Selective depletion of CD56(dim) NK cell subsets and maintenance of CD56(bright) NK cells in treatment-naive HIV-1-seropositive individuals.

Human immunodeficiency virus-I (HIV-1) infected patients show a gradual loss of natural killer (NK) cells that correlates with disease progression. However, the effect of HIV-1 infection on different NK cell subsets has not been fully characterized. In healthy individuals most NK cells are CD3-CD56+ and two different subpopulations, CD56(dim) and CD56(bright), can be distinguished by the mean fluorescence intensity. Although it was originally suggested that CD56(bright) NK cells represent the precursors of the CD56dim subpopulation, recent cumulative data indicate that CD56(bright) and CD56(dim) NK cells are phenotypically, functionally, and developmentally different NK cell subsets.
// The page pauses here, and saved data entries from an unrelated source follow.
lemma bernoulli_num_sums_complex:
  fixes z :: complex
  assumes "norm z < 2 * pi"
  shows "(\<lambda>n. of_real (bernoulli_num n / fact n) * z ^ n) sums inverse (eval_fps fps_expm1_div_X z)"
proof -
  have "(\<lambda>z. inverse (eval_fps fps_expm1_div_X z)) has_fps_expansion inverse (fps_expm1_div_X :: complex fps)"
    by (intro has_fps_expansion_inverse eval_fps_has_fps_expansion)
       (auto simp: fps_conv_radius_expm1_div_X)
  moreover have "(\<lambda>z. inverse (eval_fps fps_expm1_div_X (z::complex))) holomorphic_on eball 0 (ereal (2 * pi))"
    by (intro holomorphic_intros holomorphic_on_eval_fps)
       (auto simp: fps_conv_radius_expm1_div_X eval_fps_expm1_div_X_nonzero)
  ultimately show ?thesis
    using has_fps_expansion_imp_sums_complex assms
    by (fastforce simp: fps_nth_inverse_expm1_div_X)
qed

lemma bernoulli_num_sums:
  fixes t :: real
  assumes "\<bar>t\<bar> < 2 * pi"
  shows "(\<lambda>n. bernoulli_num n / fact n * t ^ n) sums (if t = 0 then 1 else t / (exp t - 1))"
proof -
  have "(\<lambda>n. of_real (bernoulli_num n / fact n) * (complex_of_real t) ^ n)
          sums inverse (eval_fps fps_expm1_div_X (of_real t))"
    using assms by (intro bernoulli_num_sums_complex) simp
  also have "inverse (eval_fps fps_expm1_div_X (complex_of_real t)) =
             of_real (if t = 0 then 1 else t / (exp t - 1))"
    by (simp add: eval_fps_expm1_div_X exp_of_real[symmetric])
  also have "(\<lambda>n. of_real (bernoulli_num n / fact n) * (complex_of_real t) ^ n) =
             (\<lambda>n. of_real (bernoulli_num n / fact n * t ^ n))"
    by simp
  finally show ?thesis
    unfolding sums_of_real_iff .
qed
lemma based_morphism_quotient:
  assumes kl: "k \<in> Mor K" "l \<in> Mor K" "Cod K k = Cod K l"
  shows "G0 (Comp K (Inv K k) l) = Comp H (Inv H (G0 k)) (G0 l)"
proof -
  define f where "f = Comp K (Inv K k) l"
  have f: "f \<in> Mor K"
    using kl K cK by (simp add: f_def groupoid_simps category_simps)
  obtain f' where "f' \<in> Mor H" and blocks: "G1 ` Gblock K f \<subseteq> Gblock H f'"
    using G f(1) by (auto simp: based_qs_morphism_def Stilde_def qs_morphism_def)
  let ?x = "Cod K f"
  have x: "?x \<in> Obj K" using cK f by (rule category_Cod_in_Obj)
  have "(Idm K ?x, f) \<in> Gblock K f"
    using f x cK by (simp add: Gblock_def Inv_Idm[OF K] category_simps)
  then have "(Idm H (induced_obj_map K H G0 ?x), G0 f) \<in> Gblock H f'"
    using blocks x f cK by (force simp: based_morphism_pair based_morphism_Idm category_simps)
  then have "f' = G0 f"
    using based_morphism_Idm[OF x] based_morphism_in_Mor[OF f(1)] H cH
    by (auto simp: Gblock_def Inv_Idm category_simps)
  moreover have "(k, l) \<in> Gblock K f" using kl by (simp add: Gblock_def f_def)
  ultimately show ?thesis
    using blocks kl by (force simp: Gblock_def based_morphism_pair f_def)
qed

lemma based_morphism_Dom: "f \<in> Mor K \<Longrightarrow> Dom H (G0 f) = induced_obj_map K H G0 (Dom K f)"
  using based_morphism_quotient[of f f] based_morphism_Idm[of "Dom K f"]
    based_morphism_in_Mor[of f] K H cK cH
  by (metis Comp_Inv_left category_Dom_Idm category_Dom_in_Obj category_Idm_in_Mor)

lemma based_morphism_Cod: "f \<in> Mor K \<Longrightarrow> Cod H (G0 f) = induced_obj_map K H G0 (Cod K f)"
  using based_morphism_pair(2)[of "Idm K (Cod K f)" f] based_morphism_Idm[of "Cod K f"] cK cH
  by (simp add: category_simps)
lemma recl_Inter:
  assumes xs: "\<forall>(l, s)\<in>set xs. tp s" and ys: "\<forall>(l, s)\<in>set ys. tp s" and zs: "\<forall>(l, s)\<in>set zs. tp s"
    and "distinct (map fst xs)" "distinct (map fst ys)" "distinct (map fst zs)"
    and zs_eq: "map_of zs = map_inter (map_of xs) (map_of ys)"
  shows "eqt (Inter (recl xs) (recl ys)) (recl zs)"
proof -
  let ?w = "Inter (recl xs) (recl ys)"
  have "tp (recl xs)" "tp (recl ys)" using xs ys by (simp_all add: tp_recl)
  then have wx: "sub ?w (recl xs)" and wy: "sub ?w (recl ys)"
    by (rule sub.inter_l, rule sub.inter_r)
  have "sub ?w (RField l t)" if "(l, t) \<in> set zs" for l t
  proof -
    have "map_inter (map_of xs) (map_of ys) l = Some t"
      using that zs_eq \<open>distinct (map fst zs)\<close> by (metis map_of_is_SomeI)
    then consider (x) "map_of xs l = Some t"
      | (y) "map_of ys l = Some t"
      | (xy) s u where "map_of xs l = Some s" "map_of ys l = Some u" "t = Inter s u"
      by (auto simp: map_inter_def split: option.splits)
    then show ?thesis
    proof cases
      case x
      then show ?thesis using wx recl_le_RField[OF xs] by (blast intro: sub.trans map_of_SomeD)
    next
      case y
      then show ?thesis using wy recl_le_RField[OF ys] by (blast intro: sub.trans map_of_SomeD)
    next
      case xy
      have "sub ?w (Inter (RField l s) (RField l u))"
        using wx wy recl_le_RField[OF xs] recl_le_RField[OF ys] xy(1,2)
        by (meson sub.glb sub.trans map_of_SomeD)
      moreover have "tp s" "tp u" using xs ys xy(1,2) by (auto dest: map_of_SomeD)
      ultimately show ?thesis using xy(3) by (meson sub.field_inter sub.trans)
    qed
  qed
  then have "sub ?w (recl zs)"
    using wx recl_le_REmpty[OF xs] by (auto intro: le_recl sub.trans)
  moreover have "sub (recl zs) (recl xs)" "sub (recl zs) (recl ys)"
    using assms
    by (simp_all add: recl_le_recl fields_le_map_inter1 fields_le_map_inter2 tp_map_map_of)
  ultimately show ?thesis by (simp add: eqt_def sub.glb)
qed
lemma poly_ideal_adjoin:
  assumes M: "poly_ideal M" and g: "g \<in> polys"
  shows "poly_ideal {f. \<exists>m\<in>M. \<exists>u\<in>polys. f = (\<lambda>x. m x + u x * g x)}"
  unfolding poly_ideal_def
proof (intro conjI ballI subsetI; clarify)
  fix m u assume "m \<in> M" "u \<in> polys"
  then show "(\<lambda>x. m x + u x * g x) \<in> polys" using M g
    by (auto intro!: pf_add pf_mult dest: poly_ideal_subset)
next
  show "\<exists>m\<in>M. \<exists>u\<in>polys. (\<lambda>_. 0) = (\<lambda>x. m x + u x * g x)"
    using poly_ideal_zero[OF M] pf_const[of 0] by (intro bexI[of _ "\<lambda>_. 0"]) auto
next
  fix m1 u1 m2 u2 assume h: "m1 \<in> M" "u1 \<in> polys" "m2 \<in> M" "u2 \<in> polys"
  have "(\<lambda>x. m1 x + m2 x) \<in> M" using h M by (intro poly_ideal_add) auto
  moreover have "(\<lambda>x. u1 x + u2 x) \<in> polys" using h by (intro pf_add) auto
  ultimately show "\<exists>m\<in>M. \<exists>u\<in>polys.
      (\<lambda>x. m1 x + u1 x * g x + (m2 x + u2 x * g x)) = (\<lambda>x. m x + u x * g x)"
    by (intro bexI[of _ "\<lambda>x. m1 x + m2 x"] bexI[of _ "\<lambda>x. u1 x + u2 x"]) (auto simp: algebra_simps)
next
  fix m u h assume mu: "m \<in> M" "u \<in> polys" "h \<in> polys"
  have "(\<lambda>x. h x * m x) \<in> M" using mu M by (intro poly_ideal_mult) auto
  moreover have "(\<lambda>x. h x * u x) \<in> polys" using mu by (intro pf_mult) auto
  ultimately show "\<exists>m'\<in>M. \<exists>u'\<in>polys.
      (\<lambda>x. h x * (m x + u x * g x)) = (\<lambda>x. m' x + u' x * g x)"
    by (intro bexI[of _ "\<lambda>x. h x * m x"] bexI[of _ "\<lambda>x. h x * u x"]) (auto simp: algebra_simps)
qed
(* Let $A\subset\mathbb A$ be an essential thin annular continuum such that $C_A$ is compactly generated and $H_{\mathcal S_A}<\infty$. Then $A$ is compactly generated.
   Context: $\mathbb A=\mathbb S^1\times\mathbb R$, $\pi:\mathbb R^2\to\mathbb A$, $T(x,y)=(x+1,y)$. An essential annular continuum $A$ is a continuum with $\mathbb A\setminus A$ exactly two components $\mathcal U^+(A),\mathcal U^-(A)$, unbounded above resp. below; thin means empty interior; $C_A=\overline{\mathcal U^+(A)}\cap\overline{\mathcal U^-(A)}$; $\hat A=\pi^{-1}(A)$, $C_{\hat A}=\pi^{-1}(C_A)$. A closed $B\subset\mathbb A$ is compactly generated if there is compact connected $G_0\subset\pi^{-1}(B)$ with $\bigcup_nT^n(G_0)=\pi^{-1}(B)$. For $X\subset\mathbb R^2$, $h(X)=\sup\{x_1-x_2:(x_1,y_1),(x_2,y_2)\in X\}$. $\mathcal S_A$ is the set of connected components (spikes) of $\hat A\setminus C_{\hat A}$ and $H_{\mathcal S_A}=\sup\{h(S):S\in\mathcal S_A\}$. *)

theory Defs
  imports "HOL-Analysis.Analysis"
begin

definition annulus :: "(complex \<times> real) set" where
  "annulus = {p. norm (fst p) = 1}"

definition proj :: "real \<times> real \<Rightarrow> complex \<times> real" where
  "proj p = (cis (2 * pi * fst p), snd p)"

definition Tpow :: "int \<Rightarrow> real \<times> real \<Rightarrow> real \<times> real" where
  "Tpow n p = (fst p + of_int n, snd p)"

definition lift :: "(complex \<times> real) set \<Rightarrow> (real \<times> real) set" where
  "lift B = proj -` B"

definition essential_annular_continuum :: "(complex \<times> real) set \<Rightarrow> bool" where
  "essential_annular_continuum A \<longleftrightarrow>
     A \<subseteq> annulus \<and> compact A \<and> connected A \<and> A \<noteq> {} \<and>
     (\<exists>U V. components (annulus - A) = {U, V} \<and> U \<noteq> V \<and>
            \<not> bdd_above (snd ` U) \<and> \<not> bdd_below (snd ` V))"

definition Uplus :: "(complex \<times> real) set \<Rightarrow> (complex \<times> real) set" where
  "Uplus A = (THE U. U \<in> components (annulus - A) \<and> \<not> bdd_above (snd ` U))"

definition Uminus :: "(complex \<times> real) set \<Rightarrow> (complex \<times> real) set" where
  "Uminus A = (THE U. U \<in> components (annulus - A) \<and> \<not> bdd_below (snd ` U))"

definition thin :: "(complex \<times> real) set \<Rightarrow> bool" where
  "thin A \<longleftrightarrow> \<not> (\<exists>W. openin (top_of_set annulus) W \<and> W \<noteq> {} \<and> W \<subseteq> A)"

definition C_of :: "(complex \<times> real) set \<Rightarrow> (complex \<times> real) set" where
  "C_of A = closure (Uplus A) \<inter> closure (Uminus A)"

definition compactly_generated :: "(complex \<times> real) set \<Rightarrow> bool" where
  "compactly_generated B \<longleftrightarrow> B \<subseteq> annulus \<and> closed B \<and>
     (\<exists>G0. compact G0 \<and> connected G0 \<and> G0 \<subseteq> lift B \<and>
           (\<Union>n::int. Tpow n ` G0) = lift B)"

definition hwidth :: "(real \<times> real) set \<Rightarrow> ereal" where
  "hwidth X = (SUP p\<in>X. SUP q\<in>X. ereal (fst p - fst q))"

definition spikes :: "(complex \<times> real) set \<Rightarrow> (real \<times> real) set set" where
  "spikes A = components (lift A - lift (C_of A))"

definition H_spikes :: "(complex \<times> real) set \<Rightarrow> ereal" where
  "H_spikes A = (SUP S\<in>spikes A. hwidth S)"

end

theory Submission
  imports Defs
begin
(* Strongly sofic monoid; the finite sets D are taken as finite sets of naturals
   (every finite set is in bijection with one). *)
definition strongly_sofic :: "'m::monoid_mult itself \<Rightarrow> bool" where
  "strongly_sofic _ \<longleftrightarrow>
    (\<forall>K :: 'm set. finite K \<longrightarrow>
      (\<exists>\<Delta>::nat. \<Delta> \<ge> 1 \<and>
        (\<forall>\<epsilon>::real. \<epsilon> > 0 \<longrightarrow>
          (\<exists>(D::nat set) (\<sigma>::'m \<Rightarrow> nat \<Rightarrow> nat).
             finite D \<and> D \<noteq> {} \<and>
             (\<forall>m. \<sigma> m \<in> D \<rightarrow> D) \<and>
             (\<forall>v\<in>D. \<sigma> 1 v = v) \<and>
             (\<forall>k1\<in>K. \<forall>k2\<in>K. ham D (\<sigma> (k1 * k2)) (\<sigma> k1 \<circ> \<sigma> k2) \<le> \<epsilon>) \<and>
             (\<forall>k1\<in>K. \<forall>k2\<in>K. k1 \<noteq> k2 \<longrightarrow> ham D (\<sigma> k1) (\<sigma> k2) \<ge> 1 - \<epsilon>) \<and>
             (\<forall>k\<in>K. \<forall>v\<in>D. card {u \<in> D. \<sigma> k u = v} \<le> \<Delta>)))))"

definition configs :: "'b set \<Rightarrow> ('m \<Rightarrow> 'b) set" where
  "configs A = (UNIV :: 'm set) \<rightarrow> A"

definition prodiscrete :: "'b set \<Rightarrow> ('m \<Rightarrow> 'b) topology" where
  "prodiscrete A = product_topology (\<lambda>_. discrete_topology A) UNIV"

definition shift :: "'m::monoid_mult \<Rightarrow> ('m \<Rightarrow> 'b) \<Rightarrow> ('m \<Rightarrow> 'b)" where
  "shift m x = (\<lambda>m'. x (m' * m))"

definition cellular_automaton ::
    "'b set \<Rightarrow> (('m::monoid_mult \<Rightarrow> 'b) \<Rightarrow> ('m \<Rightarrow> 'b)) \<Rightarrow> bool" where
  "cellular_automaton A \<tau> \<longleftrightarrow>
     \<tau> \<in> configs A \<rightarrow> configs A \<and>
     continuous_map (prodiscrete A) (prodiscrete A) \<tau> \<and>
     (\<forall>m. \<forall>x \<in> configs A. \<tau> (shift m x) = shift m (\<tau> x))"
In this study, the analysis of CD56(bright) and CD56(dim) NK subsets showed that neither the number nor the phenotype of CD56(bright) NK cells were significantly altered in treatment-naive HIV-1-infected individuals, whereas the number of CD56(dim) NK cells was decreased. We also have studied NK cell subsets defined by the expression of CD56 in combination with CD16, CD161, or CD94 molecules. Our results demonstrated a preferential decrease of CD3-CD56+ NK cells coexpressing CD16 and CD161 but lacking CD94 molecules. On the contrary an increased percentage of NK cells that do not express CD56 molecules but express CD16, CD161, or CD94 was also found in HIV-1-infected individuals. As it has been proposed that these CD56-negative NK cells expressing other NK cell receptors represent immature NK cells with low cytolytic capacity, our results support that a defective differentiation from immature CD56 negative NK cells to mature CD56(dim) NK cells occurs in HIV-1 infection.